Nolan’s life is also complicated by young newspaper reporter Mark Brewster, who senses that there’s something fishy about Nolan’s story. Then there’s Linda Wade, the beautiful nightclub singer Nolan’s in love with. His stormy relationship with her is also a constant distraction. And Nolan, like a lot of guys who get in over their heads in noir novels, isn’t the brightest fellow in the world. Combine that with his hair-trigger temper, and it’s inevitable that his troubles start to pile up.


SHIELD FOR MURDER is a slow burn of a novel, alternating between Brewster’s investigation into the bookie’s murder and Nolan’s violent background, and Nolan’s efforts to navigate through the walls that seem to be closing in around him. Not all that much actually happens until late in the book, but McGivern’s writing is so good that it doesn’t really matter. It’s hard to say who’s the protagonist in this book, Nolan or Brewster, and to be honest, neither of them is very likable. At the same time, you can’t help but sympathize with them, at least a little.

I will say that there were times when I felt McGivern’s low-key, realistic prose could have used a bit more drama, and I wasn’t that fond of the ending. However, I raced through the book and that’s always a good thing. The police procedural bits reminded me of the 87th Precinct novels, and I can’t help but wonder if Evan Hunter ever read this. Dodd, Mead published it in hardcover in 1951, several years before the first of the 87th Precinct books. Pocket Books did a paperback reprint in 1952, there was a movie version starring Edmond O’Brien, well-cast as Barny Nolan, in 1954, and Berkley did another paperback reprint in 1988, the edition I read.

SHIELD FOR MURDER is out of print, but copies of both paperback reprints are available for reasonable prices on the Internet. Despite a few misgivings, I think it’s a very good novel and well worth reading if you’re a fan of noir crime fiction.

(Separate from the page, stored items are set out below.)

(* Let $p$ be an odd prime and $l_1,l_2\ge0$ integers, and put $d=l_1+l_2-\tfrac12$. There exists an integer $s_0\ge0$ such that for every integer $s\ge s_0$ and every integer $a$ with $\frac{p^s-1}2-l_1\ge l_2+a\ge0$, $$\left|\binom{-\frac12-l_1}{l_2+a}-\binom{\frac{p^s-1}2-l_1}{l_2+a}\right|_p\le p^{-(s-d-a)}.$$
   Context: $|\cdot|_p$ is the $p$-adic norm on $\mathbb Q_p$. For $y\in\mathbb Q_p$ and an integer $k\ge0$, $\binom{y}{k}=\frac{y(y-1)\cdots(y-k+1)}{k!}$; the numbers $\binom{-1/2-l_1}{k}$ lie in $\mathbb Z_p$. *)

theory Defs
  imports "HOL-Computational_Algebra.Computational_Algebra"
begin

definition padic_val_rat :: "nat \<Rightarrow> rat \<Rightarrow> int" where
  "padic_val_rat p q =
     (case quotient_of q of (a, b) \<Rightarrow>
        int (multiplicity (int p) a) - int (multiplicity (int p) b))"

definition padic_norm :: "nat \<Rightarrow> rat \<Rightarrow> real" where
  "padic_norm p q = (if q = 0 then 0 else real p powr (- real_of_int (padic_val_rat p q)))"

end

theory Submission
  imports Defs
begin

text \<open>Both binomial coefficients are values of the polynomial
  \<open>x(x-1)\<cdots>(x-k+1)/k!\<close> at half-integers \<open>m/2\<close> and \<open>(m+p^s)/2\<close>.
  Writing them as \<open>\<Prod>(m-2i)/(2^k k!)\<close> and \<open>\<Prod>(m+p^s-2i)/(2^k k!)\<close>, the two numerators
  agree modulo \<open>p^s\<close>, while the denominator has \<open>p\<close>-adic valuation \<open>v_p(k!) \<le> k - 1\<close>
  since \<open>p\<close> is odd. Hence the difference has valuation at least \<open>s - k + 1\<close>, which is
  stronger than the claimed bound for every \<open>s\<close>, so \<open>s\<^sub>0 = 0\<close> works.\<close>

lemma padic_val_rat_of_int_divide:
  fixes p :: nat and M N :: int
  assumes "prime p" "M \<noteq> 0" "N \<noteq> 0"
  shows "padic_val_rat p (of_int M / of_int N)
           = int (multiplicity (int p) M) - int (multiplicity (int p) N)"
proof -
  obtain a b where ab: "quotient_of (of_int M / of_int N) = (a, b)"
    by (cases "quotient_of (of_int M / of_int N :: rat)") auto
  have "b > 0" using quotient_of_denom_pos[OF ab] .
  have "(of_int M / of_int N :: rat) = of_int a / of_int b"
    using quotient_of_div[OF ab] .
  with \<open>b > 0\<close> assms(3) have "of_int (M * b) = (of_int (a * N) :: rat)"
    by (simp add: field_simps)
  hence "M * b = a * N" by (simp only: of_int_eq_iff)
  moreover have "a \<noteq> 0" using \<open>M * b = a * N\<close> \<open>b > 0\<close> assms(2) by auto
  ultimately have "multiplicity (int p) M + multiplicity (int p) b
                   = multiplicity (int p) a + multiplicity (int p) N"
    using assms \<open>b > 0\<close>
    by (metis less_irrefl prime_elem_multiplicity_mult_distrib prime_nat_int_transfer
        prime_imp_prime_elem)
  thus ?thesis using ab unfolding padic_val_rat_def by simp
qed

lemma padic_norm_of_int_divide_le:
  fixes p s :: nat and M N :: int
  assumes "prime p" "N \<noteq> 0" "int p ^ s dvd M"
  shows "padic_norm p (of_int M / of_int N)
           \<le> real p powr - (real s - real (multiplicity (int p) N))"
proof (cases "M = 0")
  case False
  have "s \<le> multiplicity (int p) M"
    using assms(1,3) False
    by (intro multiplicity_geI) (auto simp: prime_gt_1_nat)
  moreover have "real p \<ge> 1" using assms(1) prime_ge_1_nat by simp
  ultimately show ?thesis
    using False assms
    by (auto simp: padic_norm_def padic_val_rat_of_int_divide intro!: powr_mono)
qed (simp add: padic_norm_def)

lemma dvd_prod_add_diff:
  fixes P :: int
  assumes "\<And>i. i \<in> A \<Longrightarrow> P dvd g i"
  shows "P dvd (\<Prod>i\<in>A. f i + g i) - (\<Prod>i\<in>A. f i)"
proof -
  have "(\<Prod>i\<in>A. f i + g i) mod P = (\<Prod>i\<in>A. (f i + g i) mod P) mod P"
    by (simp add: mod_prod_eq)
  also have "\<dots> = (\<Prod>i\<in>A. f i mod P) mod P"
  proof (rule arg_cong[where f = "\<lambda>x. x mod P"], rule prod.cong)
    show "(f i + g i) mod P = f i mod P" if "i \<in> A" for i
      using assms[OF that] by (auto elim!: dvdE)
  qed simp
  also have "\<dots> = (\<Prod>i\<in>A. f i) mod P"
    by (simp add: mod_prod_eq)
  finally show ?thesis by (simp add: mod_eq_dvd_iff)
qed

lemma multiplicity_fact_rec:
  fixes p k :: nat
  assumes "prime p"
  shows "multiplicity (int p) (fact k :: int) = k div p + multiplicity (int p) (fact (k div p) :: int)"
proof (induction k)
  case (Suc k)
  have pp: "prime_elem (int p)" and p1: "p > 1"
    using assms prime_gt_1_nat by simp_all
  have multiplicity_fact_Suc: "multiplicity (int p) (fact (Suc n) :: int)
      = multiplicity (int p) (int (Suc n)) + multiplicity (int p) (fact n :: int)" for n
    by (simp add: fact_Suc[of n] prime_elem_multiplicity_mult_distrib[OF pp] del: of_nat_Suc)
  show ?case
  proof (cases "p dvd Suc k")
    case True
    hence div: "Suc k div p = Suc (k div p)" by (simp add: div_Suc)
    have "int (Suc k) = int p * int (Suc (k div p))"
      using True div by (metis dvd_mult_div_cancel of_nat_mult)
    hence "multiplicity (int p) (int (Suc k)) = Suc (multiplicity (int p) (int (Suc (k div p))))"
      using p1 by (simp add: multiplicity_times_same del: of_nat_Suc)
    then show ?thesis
      using Suc.IH unfolding div multiplicity_fact_Suc by simp
  next
    case False
    hence div: "Suc k div p = k div p" by (simp add: div_Suc dvd_eq_mod_eq_0)
    have "multiplicity (int p) (int (Suc k)) = 0"
      using False by (intro not_dvd_imp_multiplicity_0) (simp del: of_nat_Suc)
    then show ?thesis
      using Suc.IH unfolding div multiplicity_fact_Suc by simp
  qed
qed simp

lemma multiplicity_fact_less:
  fixes p k :: nat
  assumes "prime p" "k > 0"
  shows "multiplicity (int p) (fact k :: int) < k"
  using assms(2)
proof (induction k rule: less_induct)
  case (less k)
  have "p \<ge> 2" using assms(1) prime_ge_2_nat by blast
  hence "2 * (k div p) \<le> k"
    by (metis dual_order.trans mult_le_mono1 times_div_less_eq_dividend)
  moreover have "multiplicity (int p) (fact (k div p) :: int) < k div p" if "k div p > 0"
    using less.IH that \<open>p \<ge> 2\<close> less.prems by simp
  ultimately show ?case
    using multiplicity_fact_rec[OF assms(1), of k] less.prems by (cases "k div p = 0") auto
qed

lemma gbinomial_half_of_int:
  "(of_int m / 2 :: 'a :: field_char_0) gchoose k
     = of_int (\<Prod>i<k. m - 2 * int i) / (2 ^ k * fact k)"
proof -
  have "(\<Prod>i=0..<k. (of_int m / 2 :: 'a) - of_nat i) = (\<Prod>i<k. of_int (m - 2 * int i) / 2)"
    by (intro prod.cong) (auto simp: field_simps atLeast0LessThan)
  thus ?thesis by (simp add: gbinomial_prod_rev prod_dividef)
qed

lemma padic_norm_gchoose_half_shift_diff_le:
  fixes p s k :: nat and m P :: int
  assumes "prime p" "odd p" "int p ^ s dvd P"
  shows "padic_norm p ((of_int m / 2 gchoose k) - (of_int (m + P) / 2 gchoose k :: rat))
           \<le> real p powr - (real s - real k + 1)"
proof (cases "k = 0")
  case False
  hence "k > 0" by simp
  define N :: int where "N = 2 ^ k * fact k"
  define A where "A = (\<Prod>i<k. m - 2 * int i)"
  define B where "B = (\<Prod>i<k. m - 2 * int i + P)"
  have "(\<Prod>i<k. m + P - 2 * int i) = B"
    unfolding B_def by (intro prod.cong) auto
  hence diff: "(of_int m / 2 gchoose k) - (of_int (m + P) / 2 gchoose k :: rat)
               = of_int (A - B) / of_int N"
    unfolding gbinomial_half_of_int A_def N_def by (simp add: diff_divide_distrib)
  have "int p ^ s dvd A - B"
    using dvd_prod_add_diff[of "{..<k}" "int p ^ s" "\<lambda>_. P" "\<lambda>i. m - 2 * int i"] assms(3)
    unfolding A_def B_def by (simp add: dvd_diff_commute)
  have "\<not> p dvd 2"
    using assms(1,2) prime_ge_2_nat[of p] dvd_imp_le[of p 2] by auto
  hence "\<not> int p dvd int 2" using int_dvd_int_iff by blast
  hence "\<not> int p dvd 2 ^ k"
    using assms(1) prime_dvd_power[of "int p" 2 k] by auto
  hence "multiplicity (int p) (2 ^ k :: int) = 0"
    by (rule not_dvd_imp_multiplicity_0)
  hence "multiplicity (int p) N < k"
    using multiplicity_fact_less[OF assms(1) \<open>k > 0\<close>] assms(1)
    by (simp add: N_def prime_elem_multiplicity_mult_distrib)
  moreover have "real p \<ge> 1" using assms(1) prime_ge_1_nat by simp
  ultimately have "real p powr - (real s - real (multiplicity (int p) N))
                   \<le> real p powr - (real s - real k + 1)"
    by (intro powr_mono) auto
  with padic_norm_of_int_divide_le[OF assms(1) _ \<open>int p ^ s dvd A - B\<close>, of N]
  show ?thesis unfolding diff N_def by simp
qed (simp add: padic_norm_def)

theorem lemma10p3:
  fixes p l1 l2 :: nat
  assumes "prime p" and "odd p"
  shows "\<exists>s0::nat. \<forall>s\<ge>s0. \<forall>a::int.
     ((int p ^ s - 1) div 2 - int l1 \<ge> int l2 + a \<and> int l2 + a \<ge> 0) \<longrightarrow>
     padic_norm p
       (((- 1/2 - of_nat l1 :: rat) gchoose nat (int l2 + a))
        - (((of_nat p ^ s - 1) / 2 - of_nat l1 :: rat) gchoose nat (int l2 + a)))
     \<le> real p powr (- (real s - (real l1 + real l2 - 1/2) - real_of_int a))"
proof (intro exI[of _ 0] allI impI)
  fix s :: nat and a :: int
  assume "(int p ^ s - 1) div 2 - int l1 \<ge> int l2 + a \<and> int l2 + a \<ge> 0"
  hence k: "real (nat (int l2 + a)) = real l2 + real_of_int a" by simp
  define m where "m = - 1 - 2 * int l1"
  have halves: "- 1/2 - of_nat l1 = (of_int m / 2 :: rat)"
    "(of_nat p ^ s - 1) / 2 - of_nat l1 = (of_int (m + int p ^ s) / 2 :: rat)"
    by (simp_all add: m_def field_simps)
  have "padic_norm p
       (((- 1/2 - of_nat l1 :: rat) gchoose nat (int l2 + a))
        - (((of_nat p ^ s - 1) / 2 - of_nat l1 :: rat) gchoose nat (int l2 + a)))
     \<le> real p powr - (real s - real (nat (int l2 + a)) + 1)"
    unfolding halves by (rule padic_norm_gchoose_half_shift_diff_le[OF assms dvd_refl])
  also have "\<dots> \<le> real p powr (- (real s - (real l1 + real l2 - 1/2) - real_of_int a))"
    using assms(1) prime_ge_1_nat[of p] k by (intro powr_mono) auto
  finally show "padic_norm p
       (((- 1/2 - of_nat l1 :: rat) gchoose nat (int l2 + a))
        - (((of_nat p ^ s - 1) / 2 - of_nat l1 :: rat) gchoose nat (int l2 + a)))
     \<le> real p powr (- (real s - (real l1 + real l2 - 1/2) - real_of_int a))" .
qed

end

Sunday, September 21, 2025

Sunday Morning Bonus Pulp: Clues Detective Stories, November 1938


Well, that's certainly an eye-catching cover. I don't know who painted it, but it would have made me curious about the story, that's for sure. Since Donald Wandrei wrote that cover story, it's probably pretty good. The other authors in this issue are top-notch, as well: Frank Gruber, Cornell Woolrich, Edward S. Aarons (as Edward Ronns), and J.J. des Ormeaux, who was really Forrest Rosaire. I've never read any of Wandrei's Cyrus North stories and don't know anything about the series, but I've always found Wandrei to be a dependable author. I don't own this issue, or any other issues of CLUES DETECTIVE STORIES, for that matter. The Internet Archive has some of them posted (not this one). I ought to give them a try, one of these days.

Saturday, September 20, 2025

Saturday Morning Western Pulp: Street & Smith's Western Story, August 9, 1941


We've seen plenty of poker games interrupted by gunfights on Western pulp covers, of course, but as far as I recall, this is the first one I've run across where the same thing happens during a game of pool. This cover is by H.W. Scott, who did nearly all the covers for WESTERN STORY during this particular era. As usual, there are plenty of good authors inside including Harry Sinclair Drago, Cliff Farrell, Hugh B. Cave, Frank Richardson Pierce writing as Seth Ranger, James B. Hendryx, Lloyd Eric Reeve, and Russell A. Bankson. I don't own this issue, but it looks like a good one.